The ability to derive patterns and insights from a plethora of structured and unstructured document types requires the skill to prioritize and understand which pieces of information are most important to act upon first. According to Karthikeyan Sankaran, Director of Data Science and Machine Learning at LatentView Analytics, in a recent DATAVERSITY® interview, such an skill requires organizations to have a platform that can “harness the textual data assets so they can then potentially solve interesting and profitable use cases.” With such potential in mind, said Sankaran, text Data Analytics is needed to accomplish two main objectives:

  1. A need for models and techniques to extract structure & meaning within each document.
  2. Given a content corpus, ways to tease out the relationships & concept similarities that exist within it.

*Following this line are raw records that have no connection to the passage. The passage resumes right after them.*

lemma msubst_mderiv_eq_0:
  assumes F: "F \<in> polys_in {..<n}" and F0: "msubst ys F = 0" and j: "j < n"
  shows "msubst ys (mderiv j F) = 0"
proof -
  \<comment> \<open>The chain rule applied to \<open>q(ys) = x\<close> makes \<open>A\<close> a left inverse of the Jacobian \<open>B\<close> of \<open>ys\<close>.\<close>
  define A where "A = mat n n (\<lambda>(k, j). msubst ys (mderiv j (q k)))"
  define B where "B = mat n n (\<lambda>(j, i). mderiv i (ys j))"
  have AB: "A * B = 1\<^sub>m n"
  proof (rule eq_matI)
    fix k i assume "k < dim_row (1\<^sub>m n)" "i < dim_col (1\<^sub>m n)"
    then have k: "k < n" and i: "i < n" by auto
    have "(A * B) $$ (k, i) = (\<Sum>j<n. msubst ys (mderiv j (q k)) * mderiv i (ys j))"
      using k i by (auto simp: A_def B_def scalar_prod_def atLeast0LessThan intro: sum.cong)
    also have "\<dots> = mderiv i (msubst ys (q k))"
      by (simp add: mderiv_msubst[OF q_in[OF k]])
    also have "\<dots> = 1\<^sub>m n $$ (k, i)"
      using k i by (simp add: msubst_q mderiv_mvar)
    finally show "(A * B) $$ (k, i) = 1\<^sub>m n $$ (k, i)" .
  qed (auto simp: A_def B_def)
  have kernel: "(\<Sum>j<n. msubst ys (mderiv j F) * B $$ (j, i)) = 0" if i: "i < n" for i
  proof -
    have "(\<Sum>j<n. msubst ys (mderiv j F) * B $$ (j, i)) = mderiv i (msubst ys F)"
      using i by (simp add: mderiv_msubst[OF F] B_def)
    then show ?thesis
      using F0 by simp
  qed
  show ?thesis
    by (rule mat_mult_eq_one_left_kernel[OF _ _ AB kernel j]) (simp_all add: A_def B_def)
qed

lemma msubst_eq_0_imp_eq_0:
  assumes "F \<in> polys_in {..<n}" "msubst ys F = 0"
  shows "F = 0"
proof -
  have "F = 0" if "F \<in> polys_in {..<n}" "msubst ys F = 0" "\<forall>m\<in>keys F. monomial_degree m < N" for F N
    using that
  proof (induction N arbitrary: F)
    case 0
    then show ?case by auto
  next
    case (Suc N)
    have "mderiv j F = 0" if j: "j < n" for j
    proof (rule Suc.IH)
      show "mderiv j F \<in> polys_in {..<n}"
        using Suc.prems(1) by (rule mderiv_in_polys_in)
      show "msubst ys (mderiv j F) = 0"
        using Suc.prems(1,2) j by (rule msubst_mderiv_eq_0)
      show "\<forall>m\<in>keys (mderiv j F). monomial_degree m < N"
      proof
        fix m assume "m \<in> keys (mderiv j F)"
        then obtain m' where "m' \<in> keys F" "0 < lookup m' j" "m = m' - single j 1"
          by (rule keys_mderiv)
        then show "monomial_degree m < N"
          using Suc.prems(3) monomial_degree_diff_single_less[of m' j] by fastforce
      qed
    qed
    then have "F = mconst (lookup F 0)"
      using Suc.prems(1) by (intro mderiv_eq_0_imp_mconst[of F "{..<n}"]) auto
    then show ?case
      using Suc.prems(2) by (metis msubst_mconst)
  qed
  moreover have "\<forall>m\<in>keys F. monomial_degree m < Suc (Max (monomial_degree ` keys F))"
    by (simp add: le_imp_less_Suc)
  ultimately show ?thesis
    using assms by blast
qed

lemma msubst_q_ys: "i < n \<Longrightarrow> msubst q (ys i) = mvar i"
proof -
  assume i: "i < n"
  have "msubst ys (msubst q (ys i)) = msubst (\<lambda>k. msubst ys (q k)) (ys i)"
    by (rule msubst_msubst)
  also have "\<dots> = msubst mvar (ys i)"
    by (rule msubst_cong[OF ys_in[OF i]]) (simp add: msubst_q)
  also have "\<dots> = msubst ys (mvar i)"
    by simp
  finally have "msubst ys (msubst q (ys i) - mvar i) = 0"
    by (simp add: msubst_diff)
  moreover have "msubst q (ys i) - mvar i \<in> polys_in {..<n}"
    using i by (intro polys_in_diff msubst_in_polys_in[OF ys_in] q_in polys_in_mvar) auto
  ultimately show ?thesis
    using msubst_eq_0_imp_eq_0 by fastforce
qed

This is where Natural Language Processing (NLP), as a branch of Artificial Intelligence steps in, extracting interesting patterns in textual data, using its own unique set of techniques. In the interview Sankaran elaborated about the techniques required, detailing how they apply to specific areas of an organization including brand sentiment analysis, recruitment, media and publishing, financial marketing, and call center operations.

DATAVERSITY (DV): What is the main value proposition of LatentView Analytics?

Karthikeyan Sankaran: LatentView is a leading global analytics and decision sciences provider, delivering solutions that help companies drive digital transformation and use data to gain a competitive advantage. With analytics solutions that provide 360-degree view of the digital consumer, fuel Machine Learning capabilities and support Artificial Intelligence initiatives. LatentView enables leading global brands to predict new revenue streams, anticipate product trends and popularity, improve customer retention rates, optimize investment decisions and turn unstructured data into a valuable business asset. LatentView is a trusted partner to enterprises worldwide, including more than two dozen Fortune 500 companies in the retail, CPG, financial, technology and healthcare sectors. LatentView has more than 550 employees in offices in Princeton, N.J., San Jose, Calif., London, Singapore and Chennai, India.

DV: What in your opinion is Natural Language Processing and how is it helpful to the Analytics industry?

Karthikeyan Sankaran: There is a data deluge and it is happening right now, accelerating all the time with the world’s data doubling every two years (equivalent of Moore’s law for the data world). A lot of this data is unstructured composed of images, text, speech, videos etc. From a business standpoint, the most fundamental and important piece of unstructured data is “Text” data which is part of business contracts, product documentation, pricing playbooks, marketing media, to name a few. So, if organizations can harness these text data assets, which are both internal & external to the enterprise, they can potentially solve interesting and profitable use cases. Natural Language Processing is a set of techniques used to extract interesting patterns in textual data.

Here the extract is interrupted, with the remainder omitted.